Hi,
I tried to use convolution in Pytorch and torch7 (lua).
Operations with the same tensors (with float type) produce different results.
Python code:
import torch
import torch.nn as nn
torch.set_default_tensor_type('torch.FloatTensor')
def test_conv():
layer = nn.Conv2d(64, 64, kernel_size=3, stride=1, padding=1, bias=True)
layer.weight.data.fill_(2.2)
layer.bias.data.fill_(1.2)
tensor = torch.zeros((1, 64, 256, 256))
tensor.fill_(1.3)
# print(tensor)
result = layer(tensor)
print("[test_conv] result: shape={ %s }, type='%s'\n" % (result.shape, result.type()) )

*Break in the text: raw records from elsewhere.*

lemma col_norm_kron_id_le: "col_norm d (k * n) (kron_id d k n A) \<le> col_norm d n A"
proof (rule col_norm_least)
  fix v assume v: "vec_norm2 (k * n) v \<le> 1"
  define c where "c = col_norm d n A"
  define w where "w p = (\<lambda>j. v (p * n + j))" for p
  have row: "(\<Sum>J<k * n. kron_id d k n A a (p * n + i) J * v J) = (\<Sum>j<n. A a i j * w p j)"
    if "a < d" "p < k" "i < n" for a p i
  proof -
    have "(\<Sum>J<k * n. kron_id d k n A a (p * n + i) J * v J)
        = (\<Sum>q<k. \<Sum>j<n. kron_id d k n A a (p * n + i) (q * n + j) * v (q * n + j))"
      by (rule sum_lessThan_mult_blocks)
    also have "\<dots> = (\<Sum>q<k. if q = p then (\<Sum>j<n. A a i j * w p j) else 0)"
      using that block_index_less[OF that(2,3)]
      by (intro sum.cong refl) (auto simp: kron_id_def w_def block_index_less intro!: sum.cong)
    finally show ?thesis
      using that by simp
  qed
  have "img_norm2 d (k * n) (kron_id d k n A) v = (\<Sum>p<k. img_norm2 d n A (w p))"
    unfolding img_norm2_def
    by (subst sum_lessThan_mult_blocks) (simp add: row sum.swap[of _ "{..<d}"])
  also have "\<dots> \<le> (\<Sum>p<k. c\<^sup>2 * vec_norm2 n (w p))"
    unfolding c_def by (intro sum_mono img_norm2_le)
  also have "\<dots> = c\<^sup>2 * vec_norm2 (k * n) v"
    unfolding vec_norm2_def w_def by (simp add: sum_lessThan_mult_blocks sum_distrib_left)
  also have "\<dots> \<le> c\<^sup>2"
    using v by (simp add: mult_left_le)
  finally show "sqrt (img_norm2 d (k * n) (kron_id d k n A) v) \<le> col_norm d n A"
    using col_norm_nonneg[of d n A] unfolding c_def by (simp add: real_le_lsqrt)
qed

lemma op_norm_eq_col_norm: "op_norm s A = col_norm 1 s (\<lambda>_. A)"
  unfolding op_norm_def col_norm_def by simp

lemma entry_le_op_norm:
  assumes "P < s" "Q < s"
  shows "cmod (A P Q) \<le> op_norm s A"
proof -
  define v where "v = (\<lambda>j. if j = Q then (1::complex) else 0)"
  have "vec_norm2 s v = (\<Sum>j<s. if j = Q then 1 else 0)"
    unfolding vec_norm2_def v_def by (intro sum.cong refl) auto
  also have "\<dots> = 1"
    using assms by simp
  finally have le: "sqrt (img_norm2 1 s (\<lambda>_. A) v) \<le> op_norm s A"
    unfolding op_norm_eq_col_norm by (intro col_norm_upper) simp
  have "(\<Sum>j<s. A i j * v j) = A i Q" for i
    using assms unfolding v_def by (simp add: if_distrib cong: if_cong)
  then have "img_norm2 1 s (\<lambda>_. A) v = (\<Sum>i<s. (cmod (A i Q))\<^sup>2)"
    unfolding img_norm2_def by simp
  moreover have "(cmod (A P Q))\<^sup>2 \<le> (\<Sum>i<s. (cmod (A i Q))\<^sup>2)"
    using assms by (intro member_le_sum) auto
  ultimately have "cmod (A P Q) \<le> sqrt (img_norm2 1 s (\<lambda>_. A) v)"
    by (simp add: real_le_rsqrt)
  with le show ?thesis
    by linarith
qed

lemma img_norm2_scale_tup:
  "img_norm2 d s (\<lambda>k i j. c * A k i j) v = (cmod c)\<^sup>2 * img_norm2 d s A v"
proof -
  have "img_norm2 d s (\<lambda>k i j. c * A k i j) v = img_norm2 d s A (\<lambda>j. c * v j)"
    unfolding img_norm2_def by (simp add: algebra_simps)
  then show ?thesis
    by (simp add: img_norm2_scale)
qed

section \<open>Neighbourhoods in the uniform topology\<close>

lemma kron_id_kron_id: "kron_id d k (m * t) (kron_id d m t Z) = kron_id d (k * m) t Z"
proof (intro ext)
  fix a i j
  show "kron_id d k (m * t) (kron_id d m t Z) a i j = kron_id d (k * m) t Z a i j"
  proof (cases "0 < m * t")
    case True
    then have t: "0 < t" by simp
    have mod_div: "x mod (m * t) div t = x div t mod m" for x
      using mod_mult2_eq[of x t m] t by (simp add: mult.commute)
    have div_div: "x div (m * t) = x div t div m" for x
      by (metis div_mult2_eq mult.commute)
    have same_block: "(i div t = j div t) \<longleftrightarrow>
        (i div (m * t) = j div (m * t) \<and> i mod (m * t) div t = j mod (m * t) div t)"
      unfolding mod_div div_div by (metis div_mult_mod_eq)
    show ?thesis
      using True same_block unfolding kron_id_def
      by (auto simp: mod_mod_cancel mult.assoc)
  qed (auto simp: kron_id_def)
qed

lemma kron_id_tup_diff:
  "kron_id d k n (tup_diff A B) = tup_diff (kron_id d k n A) (kron_id d k n B)"
  unfolding kron_id_def tup_diff_def by (intro ext) simp

lemma uball_mono: "r \<le> r' \<Longrightarrow> uball d n Y r \<subseteq> uball d n Y r'"
  unfolding uball_def by fastforce

lemma uball_subset_basic_set:
  assumes Y: "(n, Y) \<in> uball d t Z r"
  obtains e where "e > 0" "uball d n Y e \<subseteq> uball d t Z r"
proof -
  obtain m where m: "m \<ge> 1" "n = m * t" and
    c: "col_norm d n (tup_diff Y (kron_id d m t Z)) < r"
    using Y unfolding uball_def by auto
  define e where "e = r - col_norm d n (tup_diff Y (kron_id d m t Z))"
  have "uball d n Y e \<subseteq> uball d t Z r"
  proof
    fix p assume "p \<in> uball d n Y e"
    then obtain X k where p: "p = (k * n, X)" "k \<ge> 1" "wf_tup d (k * n) X"
      and X: "col_norm d (k * n) (tup_diff X (kron_id d k n Y)) < e"
      unfolding uball_def by auto
    have "tup_diff X (kron_id d (k * m) t Z)
        = (\<lambda>a i j. tup_diff X (kron_id d k n Y) a i j
                  + kron_id d k n (tup_diff Y (kron_id d m t Z)) a i j)"
      unfolding kron_id_tup_diff m(2) kron_id_kron_id by (simp add: tup_diff_def)
    then have "col_norm d (k * n) (tup_diff X (kron_id d (k * m) t Z))
        \<le> col_norm d (k * n) (tup_diff X (kron_id d k n Y))
          + col_norm d (k * n) (kron_id d k n (tup_diff Y (kron_id d m t Z)))"
      by (simp add: col_norm_add)
    also have "\<dots> < r"
      using X col_norm_kron_id_le[of d k n "tup_diff Y (kron_id d m t Z)"]
      unfolding e_def by linarith
    finally show "p \<in> uball d t Z r"
      using p m unfolding uball_def by (auto intro!: exI[of _ "k * m"])
  qed
  moreover have "e > 0"
    using c unfolding e_def by simp
  ultimately show ?thesis
    using that by blast
qed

result_flatten = result.flatten()
i = 0
for n in result_flatten:
if i >= 30: break
number = n.item()
print("[%d] %f" % (i+1, number) )
i += 1
test_conv()
Result:
[1] 733.357605
[2] 1099.435791
[3] 1099.435791
...
[30] 1099.435791
Torch7 lua code:
require 'nn'
torch.setdefaulttensortype('torch.FloatTensor')
function test_conv()
local kernel_size = 3
local stride = 1
local padding = 1
local layer = nn.SpatialConvolutionMM(64, 64, kernel_size, kernel_size, stride, stride, padding, padding)
layer.weight:fill(2.2) -- fill weigths with 2.2
layer.bias:fill(1.2) -- fill weigths with 1.2
local tensor = torch.Tensor(1, 64, 256, 256)
tensor:fill(1.3) -- fill tesnor with 1.3
-- print(tensor)
local result = layer(tensor)
print(string.format("result: shape={ %s }, type='%s'\n", result:size(), result:type()) )
local result_flatten = result:view(result:nElement())
for i = 1, 30 do
print(string.format("[%d] %f", i, result_flatten[i]))
end
end
test_conv()
Result:
[1] 733.360107
[2] 1099.439697
[3] 1099.439697
....
[30] 1099.437012
Difference between results:
pytorch torch7
[1] 733.357605 [1] 733.360107
[2] 1099.435791 [2] 1099.439697
[3] 1099.435791 [3] 1099.439697
....
[30] 1099.435791 [30] 1099.437012
Maybe it was caused by different float-point arithmetic in Pytorch and torch7?
or should use a different convolution operator?